[[ ENTRIES SHOWN, beginning ]]

(* Let $(X,d)$ be a compact metric space of finite covering dimension, $f_{0,\infty}=\{f_n\}_{n=0}^\infty$ a sequence of continuous self-maps of $X$, and $\mu$ a Borel probability measure on $X$ that is $f_{0,\infty}$-invariant. Then for any $A\in\mathcal{S}$, $h_{A}(f_{0,\infty})\geq h_{A,\mu}(f_{0,\infty})$.
   Context: $f_i^n=f_{i+n-1}\circ\cdots\circ f_i$, $f_i^0=\mathrm{id}$, $f_i^{-n}(B)=(f_i^n)^{-1}(B)$. $\mathcal S$ is the set of strictly increasing sequences $A=\{a_i\}_{i\ge1}$ of nonnegative integers. Topological sequence entropy: $h_A(f_{0,\infty})=\sup_{\mathscr A}\limsup_{n\to\infty}\frac1n\log\mathcal N(\bigvee_{i=1}^n f_0^{-a_i}\mathscr A)$ over finite open covers $\mathscr A$, where $\bigvee$ denotes common refinement, $f_0^{-a}\mathscr A=\{f_0^{-a}U:U\in\mathscr A\}$, $\mathcal N$ the minimal cardinality of a subcover, and $\log$ the natural logarithm. $\mu$ is $f_{0,\infty}$-invariant if $\mu(f_n^{-1}B)=\mu(B)$ for all Borel $B$ and $n\ge0$. Measure-theoretic sequence entropy: for a finite Borel partition $\xi$, $h_{A,\mu}(f_{0,\infty},\xi)=\limsup_{n\to\infty}\frac1nH_\mu(\bigvee_{i=1}^n f_0^{-a_i}\xi)$ with $H_\mu(\eta)=-\sum_{C\in\eta}\mu(C)\ln\mu(C)$, and $h_{A,\mu}(f_{0,\infty})=\sup_\xi h_{A,\mu}(f_{0,\infty},\xi)$ over finite Borel partitions. *)

theory Defs
  imports "HOL-Probability.Probability"
begin

fun fcomp :: "(nat \<Rightarrow> 'a \<Rightarrow> 'a) \<Rightarrow> nat \<Rightarrow> nat \<Rightarrow> 'a \<Rightarrow> 'a" where
  "fcomp f i 0 = id"
| "fcomp f i (Suc n) = f (i + n) \<circ> fcomp f i n"

definition finite_open_cover :: "'a::topological_space set set \<Rightarrow> bool" where
  "finite_open_cover \<U> \<longleftrightarrow> finite \<U> \<and> (\<forall>U\<in>\<U>. open U) \<and> \<Union>\<U> = UNIV"

definition covering_dim_le :: "nat \<Rightarrow> 'a::topological_space itself \<Rightarrow> bool" where
  "covering_dim_le n _ \<longleftrightarrow>
     (\<forall>\<U>::'a set set. finite_open_cover \<U> \<longrightarrow>
        (\<exists>\<V>. finite_open_cover \<V> \<and> (\<forall>V\<in>\<V>. \<exists>U\<in>\<U>. V \<subseteq> U)
             \<and> (\<forall>x. card {V\<in>\<V>. x \<in> V} \<le> n + 1)))"

definition finite_covering_dim :: "'a::topological_space itself \<Rightarrow> bool" where
  "finite_covering_dim T \<longleftrightarrow> (\<exists>n. covering_dim_le n T)"

definition join_fam :: "(nat \<Rightarrow> 'a set set) \<Rightarrow> nat set \<Rightarrow> 'a set set" where
  "join_fam C I = {\<Inter>i\<in>I. U i | U. \<forall>i\<in>I. U i \<in> C i}"

definition preimage_coll :: "('a \<Rightarrow> 'a) \<Rightarrow> 'a set set \<Rightarrow> 'a set set" where
  "preimage_coll g \<A> = (\<lambda>U. g -` U) ` \<A>"

definition min_subcover_card :: "'a set set \<Rightarrow> nat" where
  "min_subcover_card \<C> = Min {card \<V> | \<V>. \<V> \<subseteq> \<C> \<and> \<Union>\<V> = UNIV}"

text \<open>Topological sequence entropy h_A(f_{0,\<infinity>}), sequence a indexed from 1.\<close>
definition top_seq_entropy :: "(nat \<Rightarrow> nat) \<Rightarrow> (nat \<Rightarrow> 'a::topological_space \<Rightarrow> 'a) \<Rightarrow> ereal" where
  "top_seq_entropy a f =
     (SUP \<A>\<in>{\<A>. finite_open_cover \<A>}.
        limsup (\<lambda>n. ereal (ln (real (min_subcover_card
           (join_fam (\<lambda>i. preimage_coll (fcomp f 0 (a i)) \<A>) {1..n}))) / real n)))"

[[ ENTRIES SHOWN, end ]]

WORK ITEM: Repeat each line above exactly as it stands.

SOLVED PROBLEM:
(* Let $(X,d)$ be a compact metric space of finite covering dimension, $f_{0,\infty}=\{f_n\}_{n=0}^\infty$ a sequence of continuous self-maps of $X$, and $\mu$ a Borel probability measure on $X$ that is $f_{0,\infty}$-invariant. Then for any $A\in\mathcal{S}$, $h_{A}(f_{0,\infty})\geq h_{A,\mu}(f_{0,\infty})$.
   Context: $f_i^n=f_{i+n-1}\circ\cdots\circ f_i$, $f_i^0=\mathrm{id}$, $f_i^{-n}(B)=(f_i^n)^{-1}(B)$. $\mathcal S$ is the set of strictly increasing sequences $A=\{a_i\}_{i\ge1}$ of nonnegative integers. Topological sequence entropy: $h_A(f_{0,\infty})=\sup_{\mathscr A}\limsup_{n\to\infty}\frac1n\log\mathcal N(\bigvee_{i=1}^n f_0^{-a_i}\mathscr A)$ over finite open covers $\mathscr A$, where $\bigvee$ denotes common refinement, $f_0^{-a}\mathscr A=\{f_0^{-a}U:U\in\mathscr A\}$, $\mathcal N$ the minimal cardinality of a subcover, and $\log$ the natural logarithm. $\mu$ is $f_{0,\infty}$-invariant if $\mu(f_n^{-1}B)=\mu(B)$ for all Borel $B$ and $n\ge0$. Measure-theoretic sequence entropy: for a finite Borel partition $\xi$, $h_{A,\mu}(f_{0,\infty},\xi)=\limsup_{n\to\infty}\frac1nH_\mu(\bigvee_{i=1}^n f_0^{-a_i}\xi)$ with $H_\mu(\eta)=-\sum_{C\in\eta}\mu(C)\ln\mu(C)$, and $h_{A,\mu}(f_{0,\infty})=\sup_\xi h_{A,\mu}(f_{0,\infty},\xi)$ over finite Borel partitions. *)

theory Defs
  imports "HOL-Probability.Probability"
begin

fun fcomp :: "(nat \<Rightarrow> 'a \<Rightarrow> 'a) \<Rightarrow> nat \<Rightarrow> nat \<Rightarrow> 'a \<Rightarrow> 'a" where
  "fcomp f i 0 = id"
| "fcomp f i (Suc n) = f (i + n) \<circ> fcomp f i n"

definition finite_open_cover :: "'a::topological_space set set \<Rightarrow> bool" where
  "finite_open_cover \<U> \<longleftrightarrow> finite \<U> \<and> (\<forall>U\<in>\<U>. open U) \<and> \<Union>\<U> = UNIV"

definition covering_dim_le :: "nat \<Rightarrow> 'a::topological_space itself \<Rightarrow> bool" where
  "covering_dim_le n _ \<longleftrightarrow>
     (\<forall>\<U>::'a set set. finite_open_cover \<U> \<longrightarrow>
        (\<exists>\<V>. finite_open_cover \<V> \<and> (\<forall>V\<in>\<V>. \<exists>U\<in>\<U>. V \<subseteq> U)
             \<and> (\<forall>x. card {V\<in>\<V>. x \<in> V} \<le> n + 1)))"

definition finite_covering_dim :: "'a::topological_space itself \<Rightarrow> bool" where
  "finite_covering_dim T \<longleftrightarrow> (\<exists>n. covering_dim_le n T)"

definition join_fam :: "(nat \<Rightarrow> 'a set set) \<Rightarrow> nat set \<Rightarrow> 'a set set" where
  "join_fam C I = {\<Inter>i\<in>I. U i | U. \<forall>i\<in>I. U i \<in> C i}"

definition preimage_coll :: "('a \<Rightarrow> 'a) \<Rightarrow> 'a set set \<Rightarrow> 'a set set" where
  "preimage_coll g \<A> = (\<lambda>U. g -` U) ` \<A>"

definition min_subcover_card :: "'a set set \<Rightarrow> nat" where
  "min_subcover_card \<C> = Min {card \<V> | \<V>. \<V> \<subseteq> \<C> \<and> \<Union>\<V> = UNIV}"

text \<open>Topological sequence entropy h_A(f_{0,\<infinity>}), sequence a indexed from 1.\<close>
definition top_seq_entropy :: "(nat \<Rightarrow> nat) \<Rightarrow> (nat \<Rightarrow> 'a::topological_space \<Rightarrow> 'a) \<Rightarrow> ereal" where
  "top_seq_entropy a f =
     (SUP \<A>\<in>{\<A>. finite_open_cover \<A>}.
        limsup (\<lambda>n. ereal (ln (real (min_subcover_card
           (join_fam (\<lambda>i. preimage_coll (fcomp f 0 (a i)) \<A>) {1..n}))) / real n)))"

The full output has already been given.